For freezing, we leave the skin and scales on the fillets (no wrapping paper has been invented that serves as a better shield against freezer-burn), put them meat side together and wrap in foil. Thus we stock our freezer this time of year, and even six months later have juicy, fresh-tasting fillets.

“This O.K.?” a smiling Trevor was asking after he’d cranked in and wrenched off his own sheepshead. He was holding up his a pole with tandem shad-rigs — and had baited up both this time.

“Yeah, that’s fine,” I said. “But really hold on this time!”

He dropped it over the side close to a piling, let it drop about 6 feet and flipped the bail.

Pelayo and I finally baited up our plain 3/8-ounce jigheads with shrimp, and swung our baits out. With a slack current, we might go with 1/4-ounce jigheads. The key is to keep the bait as close as possible to the piling. With a strong current this is often easier a mere 4 or 5 feet from the surface, and amounts to a saltwater version of cane-pole perch-jerking or sac-a-lait jigging around stumps.

I was just flipping the bail when — WHAM! The battle was joined.

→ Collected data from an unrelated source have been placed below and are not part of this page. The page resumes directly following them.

definition no_local_periodicity_at ::
  "'a set \<Rightarrow> ('a \<Rightarrow> 'v) \<Rightarrow> ('a \<Rightarrow> 'v) \<Rightarrow> ('a \<Rightarrow> 'a \<Rightarrow> 'a) \<Rightarrow> ('a \<Rightarrow> deg) \<Rightarrow> 'v \<Rightarrow> bool" where
  "no_local_periodicity_at P r s cmp d v \<longleftrightarrow>
     (\<forall>m n. m \<noteq> n \<longrightarrow>
        (\<exists>f\<in>P. r f = v \<and> dle (djoin m n) (d f) \<and>
           seg P r s cmp d f m (dadd m (dsub (d f) (djoin m n)))
           \<noteq> seg P r s cmp d f n (dadd n (dsub (d f) (djoin m n)))))"

definition aperiodic ::
  "'v set \<Rightarrow> 'a set \<Rightarrow> ('a \<Rightarrow> 'v) \<Rightarrow> ('a \<Rightarrow> 'v) \<Rightarrow> ('a \<Rightarrow> 'a \<Rightarrow> 'a) \<Rightarrow> ('a \<Rightarrow> deg) \<Rightarrow> bool" where
  "aperiodic V P r s cmp d \<longleftrightarrow> (\<forall>v\<in>V. no_local_periodicity_at P r s cmp d v)"

definition paths_between ::
  "'a set \<Rightarrow> ('a \<Rightarrow> 'v) \<Rightarrow> ('a \<Rightarrow> 'v) \<Rightarrow> ('a \<Rightarrow> deg) \<Rightarrow> 'v \<Rightarrow> deg \<Rightarrow> 'v \<Rightarrow> 'a set" where
  "paths_between P r s d u n w = {f\<in>P. r f = u \<and> d f = n \<and> s f = w}"

definition aperiodic_quartet ::
  "'a set \<Rightarrow> ('a \<Rightarrow> 'v) \<Rightarrow> ('a \<Rightarrow> 'v) \<Rightarrow> ('a \<Rightarrow> 'a \<Rightarrow> 'a) \<Rightarrow> ('a \<Rightarrow> deg)
   \<Rightarrow> nat \<Rightarrow> nat \<Rightarrow> 'v \<Rightarrow> 'a \<Rightarrow> 'a \<Rightarrow> 'a \<Rightarrow> 'a \<Rightarrow> bool" where
  "aperiodic_quartet P r s cmp d a b u \<alpha>1 \<alpha>2 \<beta>1 \<beta>2 \<longleftrightarrow>
     0 < a \<and> 0 < b \<and>
     \<alpha>1 \<in> paths_between P r s d u (a, 0) u \<and> \<alpha>2 \<in> paths_between P r s d u (a, 0) u \<and>
     \<alpha>1 \<noteq> \<alpha>2 \<and>
     \<beta>1 \<in> paths_between P r s d u (0, b) u \<and> \<beta>2 \<in> paths_between P r s d u (0, b) u \<and>
     \<beta>1 \<noteq> \<beta>2 \<and>
     cmp \<beta>2 \<alpha>1 = cmp \<alpha>1 \<beta>2 \<and> cmp \<beta>2 \<alpha>2 = cmp \<alpha>2 \<beta>2 \<and>
     cmp \<beta>1 \<alpha>1 = cmp \<alpha>2 \<beta>1 \<and> cmp \<beta>1 \<alpha>2 = cmp \<alpha>1 \<beta>1"

definition has_aperiodic_quartet_at ::
  "'a set \<Rightarrow> ('a \<Rightarrow> 'v) \<Rightarrow> ('a \<Rightarrow> 'v) \<Rightarrow> ('a \<Rightarrow> 'a \<Rightarrow> 'a) \<Rightarrow> ('a \<Rightarrow> deg) \<Rightarrow> 'v \<Rightarrow> bool" where
  "has_aperiodic_quartet_at P r s cmp d u \<longleftrightarrow>
     (\<exists>a b \<alpha>1 \<alpha>2 \<beta>1 \<beta>2. aperiodic_quartet P r s cmp d a b u \<alpha>1 \<alpha>2 \<beta>1 \<beta>2)"

end

theory Submission
  imports Defs
begin

text \<open>
  At a vertex \<open>u\<close> carrying an \<open>(a,b)\<close>-aperiodic quartet, \<open>\<beta>\<^sub>2\<close> commutes with
  both \<open>\<alpha>\<^sub>i\<close> while \<open>\<beta>\<^sub>1\<close> interchanges them. Reading a word in these loops cell by
  cell of the grid \<open>a\<nat> \<times> b\<nat>\<close>, one can therefore build, for any two distinct cells, an
  arbitrarily long loop at \<open>u\<close> whose degree-\<open>(a,0)\<close> segments at those cells are
  \<open>\<alpha>\<^sub>1\<close> and \<open>\<alpha>\<^sub>2\<close>. If a path \<open>f\<close> from \<open>v\<close> satisfied
  \<open>f(m, m+t) = f(n, n+t)\<close>, iterating this shift would make the segments of \<open>f\<close> at
  \<open>k m + p\<close> and \<open>k n + p\<close> agree; for \<open>k = ab\<close> and \<open>f = l \<mu>\<close> with \<open>l\<close> a path
  from \<open>v\<close> to \<open>u\<close> and \<open>\<mu>\<close> a loop separating the cells \<open>ab m\<close> and \<open>ab n\<close>, this is
  impossible.
\<close>

lemma dadd_Pair [simp]: "dadd (a, b) (c, e) = (a + c, b + e)"
  by (simp add: dadd_def)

He hit the shrimp-tipped jig not 5 feet from the surface, but my drag was loose so he started stripping out line like a maniac.

“AHHH! WHOAH!!” Came some juvenile yells from the bow.

I looked over and saw Trevor’s contorted pole smacking repeatedly against the bow-rail, as the boy held on for dear life.

“Look Brenda!” Pelayo pointed. “Looks like Trevor’s got a double.”

“Unless it’s a speck!” she giggled.

We fished one rig and two well-jackets (all in state waters), and filled two boxes (like in the good-ol’ days). Three puppy drum and three 6-pound reds prettied up the boxes.

Trevor’s Game Boy remained in his knapsack the trip long, even on the ride home. He was so tired from fighting fish he zonked out almost instantly, as did Brenda and Pelayo.

I slipped in Hot Rocks so Mick and Keith kept me company while driving home. Indeed Mick, our fishing had been a “gas, gas, gas!”